Work instructions –
Among the lines below, a stretch begins at the one with "(\<forall>y\<in>S. map_mat \<sigma>" and ends at the one with "(\<forall>x \<sigma>. (x, \<sigma>)". Repeat that stretch exactly, ends included.

---

(* Assume that the pair $(\mathcal P,\mathcal P')$ gives $(G,N,\theta)_{\mathcal H}\ge_c(H,M,\varphi)_{\mathcal H}$. Let $U\le\mathbb C^\times$ be the group of roots of unity. If $\epsilon:G_\theta\to U$ is any map that is constant on $N$-cosets and satisfies $\epsilon(1)=1$, then the pair $(\epsilon\mathcal P,\epsilon_{H_\theta}\mathcal P')$ also gives $(G,N,\theta)_{\mathcal H}\ge_c(H,M,\varphi)_{\mathcal H}$, where $(\epsilon\mathcal P)(x)=\epsilon(x)\mathcal P(x)$ and $\epsilon_{H_\theta}$ is the restriction of $\epsilon$ to $H_\theta$.
   Context: All groups are finite; $p$ is a fixed prime. $\mathbb Q^{\mathrm{ab}}\subseteq\mathbb C$ is generated by all roots of unity, $\mathcal G=\mathrm{Gal}(\mathbb Q^{\mathrm{ab}}/\mathbb Q)$, $\mathcal H\le\mathcal G$ consists of those $\sigma$ for which there is an integer $f$ with $\sigma(\xi)=\xi^{p^f}$ for all roots of unity $\xi$ of order prime to $p$. For $N\trianglelefteq G$, $\theta\in\mathrm{Irr}(N)$, $g\in G$, $\sigma\in\mathcal G$: $\theta^{g\sigma}(n)=\sigma(\theta(gng^{-1}))$; $A_\theta$ the stabilizer in $A\le G\times\mathcal G$; $\theta^{\mathcal H}$ the $\mathcal H$-orbit; $G_{\theta^{\mathcal H}}=\{g:\theta^g\in\theta^{\mathcal H}\}$. $(G,N,\theta)_{\mathcal H}$ is an $\mathcal H$-triple if $N\trianglelefteq G$, $\theta\in\mathrm{Irr}(N)$, $G_{\theta^{\mathcal H}}=G$. Projective representation $\mathcal P$ with factor set $\alpha$: $\mathcal P(x)\mathcal P(y)=\alpha(x,y)\mathcal P(xy)$. For $G$-invariant $\theta$, $\mathcal P$ is associated with $\theta$ if $\mathcal P_N$ affords $\theta$ and $\mathcal P(ng)=\mathcal P(n)\mathcal P(g)$, $\mathcal P(gn)=\mathcal P(g)\mathcal P(n)$. $\mathcal Q\sim\mu\mathcal P$ means $\mathcal Q(x)=\mu(x)M^{-1}\mathcal P(x)M$ for fixed invertible $M$. For $\mathcal P$ associated with $\theta$ on $G_\theta$ with entries in $\mathbb Q^{\mathrm{ab}}$ and $\theta^{x\sigma}=\theta$: $\mathcal P^{x\sigma}(y)=\sigma(\mathcal P(xyx^{-1}))$, and $\mu_{x\sigma}$ is the unique function $G_\theta\to\mathbb C^\times$, constant on $N$-cosets, $\mu_{x\sigma}(1)=1$, with $\mathcal P^{x\sigma}\sim\mu_{x\sigma}\mathcal P$. For $\mathcal H$-triples with $H\le G$, the pair $(\mathcal P,\mathcal P')$ gives $(G,N,\theta)_{\mathcal H}\ge_c(H,M,\varphi)_{\mathcal H}$ if: (i) $G=NH$, $N\cap H=M$, $\mathbf C_G(N)\subseteq H$; (ii) $(H\times\mathcal H)_\theta=(H\times\mathcal H)_\varphi$; (iii) $\mathcal P$ is a projective representation of $G_\theta$ associated with $\theta$ and $\mathcal P'$ one of $H_\varphi$ associated with $\varphi$, entries in $\mathbb Q^{\mathrm{ab}}$, factor sets with root-of-unity values agreeing on $H_\theta\times H_\theta$, and $\mathcal P(c),\mathcal P'(c)$ the same scalar for all $c\in\mathbf C_G(N)$; (iv) $\mu_a=\mu'_a$ on $H_\theta$ for all $a\in(H\times\mathcal H)_\theta$ (with $\mu_a$, $\mu'_a$ computed from $\mathcal P$, $\mathcal P'$). *)

theory Defs
  imports "HOL-Algebra.Coset" "Jordan_Normal_Form.Matrix" "HOL-Computational_Algebra.Primes"
begin

definition roots_of_unity :: "complex set" where
  "roots_of_unity = {z. \<exists>n::nat. n > 0 \<and> z ^ n = 1}"

definition is_subfield_C :: "complex set \<Rightarrow> bool" where
  "is_subfield_C F \<longleftrightarrow> 0 \<in> F \<and> 1 \<in> F \<and>
     (\<forall>x\<in>F. \<forall>y\<in>F. x + y \<in> F \<and> x * y \<in> F) \<and>
     (\<forall>x\<in>F. - x \<in> F \<and> inverse x \<in> F)"

definition Qab :: "complex set" where
  "Qab = \<Inter> {F. is_subfield_C F \<and> roots_of_unity \<subseteq> F}"

text \<open>Gal(Q^ab/Q): field automorphisms of Q^ab; each is represented by the
  unique function on C which is the identity outside Q^ab.\<close>
definition Gal_Qab :: "(complex \<Rightarrow> complex) set" where
  "Gal_Qab = {\<sigma>. bij_betw \<sigma> Qab Qab \<and>
      (\<forall>x\<in>Qab. \<forall>y\<in>Qab. \<sigma> (x + y) = \<sigma> x + \<sigma> y \<and> \<sigma> (x * y) = \<sigma> x * \<sigma> y) \<and>
      (\<forall>x. x \<notin> Qab \<longrightarrow> \<sigma> x = x)}"

definition roots_of_unity_p' :: "nat \<Rightarrow> complex set" where
  "roots_of_unity_p' p = {z. \<exists>m::nat. m > 0 \<and> coprime m p \<and> z ^ m = 1}"

text \<open>The subgroup \<H>: there is an integer f with sigma(xi) = xi^(p^f) for all
  roots of unity xi of order prime to p.  For f = -k < 0 this means that
  sigma is inverse to xi |-> xi^(p^k), i.e. sigma(xi)^(p^k) = xi.\<close>
definition Hcal :: "nat \<Rightarrow> (complex \<Rightarrow> complex) set" where
  "Hcal p = {\<sigma> \<in> Gal_Qab. \<exists>f::nat.
      (\<forall>\<xi> \<in> roots_of_unity_p' p. \<sigma> \<xi> = \<xi> ^ (p ^ f)) \<or>
      (\<forall>\<xi> \<in> roots_of_unity_p' p. (\<sigma> \<xi>) ^ (p ^ f) = \<xi>)}"

definition mat_trace :: "complex mat \<Rightarrow> complex" where
  "mat_trace A = (\<Sum>i<dim_row A. A $$ (i, i))"

definition is_rep :: "('g, 'b) monoid_scheme \<Rightarrow> 'g set \<Rightarrow> nat \<Rightarrow> ('g \<Rightarrow> complex mat) \<Rightarrow> bool" where
  "is_rep G N d \<rho> \<longleftrightarrow> (\<forall>n\<in>N. \<rho> n \<in> carrier_mat d d) \<and> \<rho> \<one>\<^bsub>G\<^esub> = 1\<^sub>m d \<and>
     (\<forall>x\<in>N. \<forall>y\<in>N. \<rho> (x \<otimes>\<^bsub>G\<^esub> y) = \<rho> x * \<rho> y)"

definition irreducible_rep :: "('g, 'b) monoid_scheme \<Rightarrow> 'g set \<Rightarrow> nat \<Rightarrow> ('g \<Rightarrow> complex mat) \<Rightarrow> bool" where
  "irreducible_rep G N d \<rho> \<longleftrightarrow> d > 0 \<and>
     \<not> (\<exists>W. W \<subseteq> carrier_vec d \<and> 0\<^sub>v d \<in> W \<and>
            (\<forall>v\<in>W. \<forall>w\<in>W. v + w \<in> W) \<and> (\<forall>c::complex. \<forall>v\<in>W. c \<cdot>\<^sub>v v \<in> W) \<and>
            W \<noteq> {0\<^sub>v d} \<and> W \<noteq> carrier_vec d \<and>
            (\<forall>n\<in>N. \<forall>w\<in>W. \<rho> n *\<^sub>v w \<in> W))"

definition irr_char :: "('g, 'b) monoid_scheme \<Rightarrow> 'g set \<Rightarrow> ('g \<Rightarrow> complex) \<Rightarrow> bool" where
  "irr_char G N \<theta> \<longleftrightarrow> (\<exists>d \<rho>. is_rep G N d \<rho> \<and> irreducible_rep G N d \<rho> \<and>
       (\<forall>n\<in>N. \<theta> n = mat_trace (\<rho> n)))"

text \<open>Stabilizer A_theta for A a subset of G x \<G> (here A = K x S).  theta^{g sigma}(n) = sigma(theta(g n g^-1)).\<close>
definition stab_pairs :: "('g, 'b) monoid_scheme \<Rightarrow> 'g set \<Rightarrow> (complex \<Rightarrow> complex) set \<Rightarrow> 'g set
     \<Rightarrow> ('g \<Rightarrow> complex) \<Rightarrow> ('g \<times> (complex \<Rightarrow> complex)) set" where
  "stab_pairs G K S N \<theta> = {(g, \<sigma>). g \<in> K \<and> \<sigma> \<in> S \<and>
      (\<forall>n\<in>N. \<sigma> (\<theta> (g \<otimes>\<^bsub>G\<^esub> n \<otimes>\<^bsub>G\<^esub> inv\<^bsub>G\<^esub> g)) = \<theta> n)}"

definition stab :: "('g, 'b) monoid_scheme \<Rightarrow> 'g set \<Rightarrow> 'g set \<Rightarrow> ('g \<Rightarrow> complex) \<Rightarrow> 'g set" where
  "stab G K N \<theta> = {g \<in> K. \<forall>n\<in>N. \<theta> (g \<otimes>\<^bsub>G\<^esub> n \<otimes>\<^bsub>G\<^esub> inv\<^bsub>G\<^esub> g) = \<theta> n}"

text \<open>(K,N,theta)_\<H> is an \<H>-triple (all inside the ambient group G):
  N normal in K, theta in Irr(N), K_{theta^\<H>} = K.\<close>
definition H_triple :: "('g, 'b) monoid_scheme \<Rightarrow> nat \<Rightarrow> 'g set \<Rightarrow> 'g set \<Rightarrow> ('g \<Rightarrow> complex) \<Rightarrow> bool" where
  "H_triple G p K N \<theta> \<longleftrightarrow> subgroup K G \<and> subgroup N G \<and> N \<subseteq> K \<and>
     (\<forall>k\<in>K. \<forall>n\<in>N. k \<otimes>\<^bsub>G\<^esub> n \<otimes>\<^bsub>G\<^esub> inv\<^bsub>G\<^esub> k \<in> N) \<and>
     irr_char G N \<theta> \<and>
     (\<forall>g\<in>K. \<exists>\<sigma>\<in>Hcal p. \<forall>n\<in>N. \<theta> (g \<otimes>\<^bsub>G\<^esub> n \<otimes>\<^bsub>G\<^esub> inv\<^bsub>G\<^esub> g) = \<sigma> (\<theta> n))"

definition centralizer_of :: "('g, 'b) monoid_scheme \<Rightarrow> 'g set \<Rightarrow> 'g set" where
  "centralizer_of G N = {g \<in> carrier G. \<forall>n\<in>N. g \<otimes>\<^bsub>G\<^esub> n = n \<otimes>\<^bsub>G\<^esub> g}"

definition proj_rep :: "('g, 'b) monoid_scheme \<Rightarrow> 'g set \<Rightarrow> nat \<Rightarrow> ('g \<Rightarrow> complex mat)
     \<Rightarrow> ('g \<Rightarrow> 'g \<Rightarrow> complex) \<Rightarrow> bool" where
  "proj_rep G S d P \<alpha> \<longleftrightarrow> (\<forall>x\<in>S. P x \<in> carrier_mat d d \<and> invertible_mat (P x)) \<and>
     (\<forall>x\<in>S. \<forall>y\<in>S. \<alpha> x y \<noteq> 0 \<and> P x * P y = \<alpha> x y \<cdot>\<^sub>m P (x \<otimes>\<^bsub>G\<^esub> y))"

definition assoc_with :: "('g, 'b) monoid_scheme \<Rightarrow> 'g set \<Rightarrow> 'g set \<Rightarrow> ('g \<Rightarrow> complex)
     \<Rightarrow> nat \<Rightarrow> ('g \<Rightarrow> complex mat) \<Rightarrow> bool" where
  "assoc_with G S N \<theta> d P \<longleftrightarrow> is_rep G N d P \<and> (\<forall>n\<in>N. mat_trace (P n) = \<theta> n) \<and>
     (\<forall>n\<in>N. \<forall>g\<in>S. P (n \<otimes>\<^bsub>G\<^esub> g) = P n * P g \<and> P (g \<otimes>\<^bsub>G\<^esub> n) = P g * P n)"

definition entries_in_Qab :: "'g set \<Rightarrow> ('g \<Rightarrow> complex mat) \<Rightarrow> bool" where
  "entries_in_Qab S P \<longleftrightarrow>
     (\<forall>x\<in>S. \<forall>i<dim_row (P x). \<forall>j<dim_col (P x). P x $$ (i, j) \<in> Qab)"

text \<open>mu satisfies the defining property of mu_{x sigma} for P on S (over N):
  mu : S -> C^x, constant on N-cosets, mu(1) = 1, and P^{x sigma} ~ mu P, where
  P^{x sigma}(y) = sigma(P(x y x^-1)) entrywise.\<close>
definition is_mu :: "('g, 'b) monoid_scheme \<Rightarrow> 'g set \<Rightarrow> 'g set \<Rightarrow> ('g \<Rightarrow> complex mat)
     \<Rightarrow> 'g \<Rightarrow> (complex \<Rightarrow> complex) \<Rightarrow> ('g \<Rightarrow> complex) \<Rightarrow> bool" where
  "is_mu G S N P x \<sigma> \<mu> \<longleftrightarrow>
     (let d = dim_row (P \<one>\<^bsub>G\<^esub>) in
       (\<forall>y\<in>S. \<mu> y \<noteq> 0) \<and> \<mu> \<one>\<^bsub>G\<^esub> = 1 \<and>
       (\<forall>y\<in>S. \<forall>n\<in>N. \<mu> (n \<otimes>\<^bsub>G\<^esub> y) = \<mu> y) \<and>
       (\<exists>A Ai. A \<in> carrier_mat d d \<and> Ai \<in> carrier_mat d d \<and> A * Ai = 1\<^sub>m d \<and> Ai * A = 1\<^sub>m d \<and>
          (\<forall>y\<in>S. map_mat \<sigma> (P (x \<otimes>\<^bsub>G\<^esub> y \<otimes>\<^bsub>G\<^esub> inv\<^bsub>G\<^esub> x)) = \<mu> y \<cdot>\<^sub>m (Ai * P y * A))))"

definition ge_c :: "('g, 'b) monoid_scheme \<Rightarrow> nat \<Rightarrow> 'g set \<Rightarrow> ('g \<Rightarrow> complex)
     \<Rightarrow> 'g set \<Rightarrow> 'g set \<Rightarrow> ('g \<Rightarrow> complex) \<Rightarrow> ('g \<Rightarrow> complex mat) \<Rightarrow> ('g \<Rightarrow> complex mat) \<Rightarrow> bool" where
  "ge_c G p N \<theta> H M \<phi> P P' \<longleftrightarrow>
     H_triple G p (carrier G) N \<theta> \<and> H_triple G p H M \<phi> \<and> subgroup H G \<and>
     \<comment> \<open>(i)\<close>
     carrier G = N <#>\<^bsub>G\<^esub> H \<and> N \<inter> H = M \<and> centralizer_of G N \<subseteq> H \<and>
     \<comment> \<open>(ii)\<close>
     stab_pairs G H (Hcal p) N \<theta> = stab_pairs G H (Hcal p) M \<phi> \<and>
     \<comment> \<open>(iii)\<close>
     (\<exists>d d' \<alpha> \<alpha>'.
        proj_rep G (stab G (carrier G) N \<theta>) d P \<alpha> \<and> assoc_with G (stab G (carrier G) N \<theta>) N \<theta> d P \<and>
        proj_rep G (stab G H M \<phi>) d' P' \<alpha>' \<and> assoc_with G (stab G H M \<phi>) M \<phi> d' P' \<and>
        entries_in_Qab (stab G (carrier G) N \<theta>) P \<and> entries_in_Qab (stab G H M \<phi>) P' \<and>
        (\<forall>x\<in>stab G (carrier G) N \<theta>. \<forall>y\<in>stab G (carrier G) N \<theta>. \<alpha> x y \<in> roots_of_unity) \<and>
        (\<forall>x\<in>stab G H M \<phi>. \<forall>y\<in>stab G H M \<phi>. \<alpha>' x y \<in> roots_of_unity) \<and>
        (\<forall>x\<in>stab G H N \<theta>. \<forall>y\<in>stab G H N \<theta>. \<alpha> x y = \<alpha>' x y) \<and>
        (\<forall>c\<in>centralizer_of G N. \<exists>s. P c = s \<cdot>\<^sub>m 1\<^sub>m d \<and> P' c = s \<cdot>\<^sub>m 1\<^sub>m d')) \<and>
     \<comment> \<open>(iv)\<close>
     (\<forall>x \<sigma>. (x, \<sigma>) \<in> stab_pairs G H (Hcal p) N \<theta> \<longrightarrow>
        (\<exists>\<mu> \<mu>'. is_mu G (stab G (carrier G) N \<theta>) N P x \<sigma> \<mu> \<and> is_mu G (stab G H M \<phi>) M P' x \<sigma> \<mu>') \<and>
        (\<forall>\<mu> \<mu>'. is_mu G (stab G (carrier G) N \<theta>) N P x \<sigma> \<mu> \<longrightarrow> is_mu G (stab G H M \<phi>) M P' x \<sigma> \<mu>' \<longrightarrow>
           (\<forall>y\<in>stab G H N \<theta>. \<mu> y = \<mu>' y)))"

end

theory Submission
  imports Defs
begin

(* Multiplying P by \<epsilon> multiplies its factor set by the coboundary
   (x, y) \<mapsto> \<epsilon> x \<epsilon> y / \<epsilon> (x y), whose values are roots of unity, and multiplies
   \<mu>_{x\<sigma>} by y \<mapsto> \<sigma> (\<epsilon> (x y x\<inverse>)) / \<epsilon> y.  Both corrections depend on \<epsilon> alone,
   so they agree for P and for P' on H_\<theta>, and conditions (iii) and (iv) survive.
   Since N is normal, \<epsilon> is trivial on N and constant on left and right N-cosets,
   so \<epsilon> P is still associated with \<theta>. *)

lemma smult_smult_mat: "a \<cdot>\<^sub>m (b \<cdot>\<^sub>m A) = (a * b) \<cdot>\<^sub>m (A :: 'a :: semigroup_mult mat)"
  by (rule eq_matI) (auto simp: mult.assoc)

---

Finished task –
          (\<forall>y\<in>S. map_mat \<sigma> (P (x \<otimes>\<^bsub>G\<^esub> y \<otimes>\<^bsub>G\<^esub> inv\<^bsub>G\<^esub> x)) = \<mu> y \<cdot>\<^sub>m (Ai * P y * A))))"

definition ge_c :: "('g, 'b) monoid_scheme \<Rightarrow> nat \<Rightarrow> 'g set \<Rightarrow> ('g \<Rightarrow> complex)
     \<Rightarrow> 'g set \<Rightarrow> 'g set \<Rightarrow> ('g \<Rightarrow> complex) \<Rightarrow> ('g \<Rightarrow> complex mat) \<Rightarrow> ('g \<Rightarrow> complex mat) \<Rightarrow> bool" where
  "ge_c G p N \<theta> H M \<phi> P P' \<longleftrightarrow>
     H_triple G p (carrier G) N \<theta> \<and> H_triple G p H M \<phi> \<and> subgroup H G \<and>
     \<comment> \<open>(i)\<close>
     carrier G = N <#>\<^bsub>G\<^esub> H \<and> N \<inter> H = M \<and> centralizer_of G N \<subseteq> H \<and>
     \<comment> \<open>(ii)\<close>
     stab_pairs G H (Hcal p) N \<theta> = stab_pairs G H (Hcal p) M \<phi> \<and>
     \<comment> \<open>(iii)\<close>
     (\<exists>d d' \<alpha> \<alpha>'.
        proj_rep G (stab G (carrier G) N \<theta>) d P \<alpha> \<and> assoc_with G (stab G (carrier G) N \<theta>) N \<theta> d P \<and>
        proj_rep G (stab G H M \<phi>) d' P' \<alpha>' \<and> assoc_with G (stab G H M \<phi>) M \<phi> d' P' \<and>
        entries_in_Qab (stab G (carrier G) N \<theta>) P \<and> entries_in_Qab (stab G H M \<phi>) P' \<and>
        (\<forall>x\<in>stab G (carrier G) N \<theta>. \<forall>y\<in>stab G (carrier G) N \<theta>. \<alpha> x y \<in> roots_of_unity) \<and>
        (\<forall>x\<in>stab G H M \<phi>. \<forall>y\<in>stab G H M \<phi>. \<alpha>' x y \<in> roots_of_unity) \<and>
        (\<forall>x\<in>stab G H N \<theta>. \<forall>y\<in>stab G H N \<theta>. \<alpha> x y = \<alpha>' x y) \<and>
        (\<forall>c\<in>centralizer_of G N. \<exists>s. P c = s \<cdot>\<^sub>m 1\<^sub>m d \<and> P' c = s \<cdot>\<^sub>m 1\<^sub>m d')) \<and>
     \<comment> \<open>(iv)\<close>
     (\<forall>x \<sigma>. (x, \<sigma>) \<in> stab_pairs G H (Hcal p) N \<theta> \<longrightarrow>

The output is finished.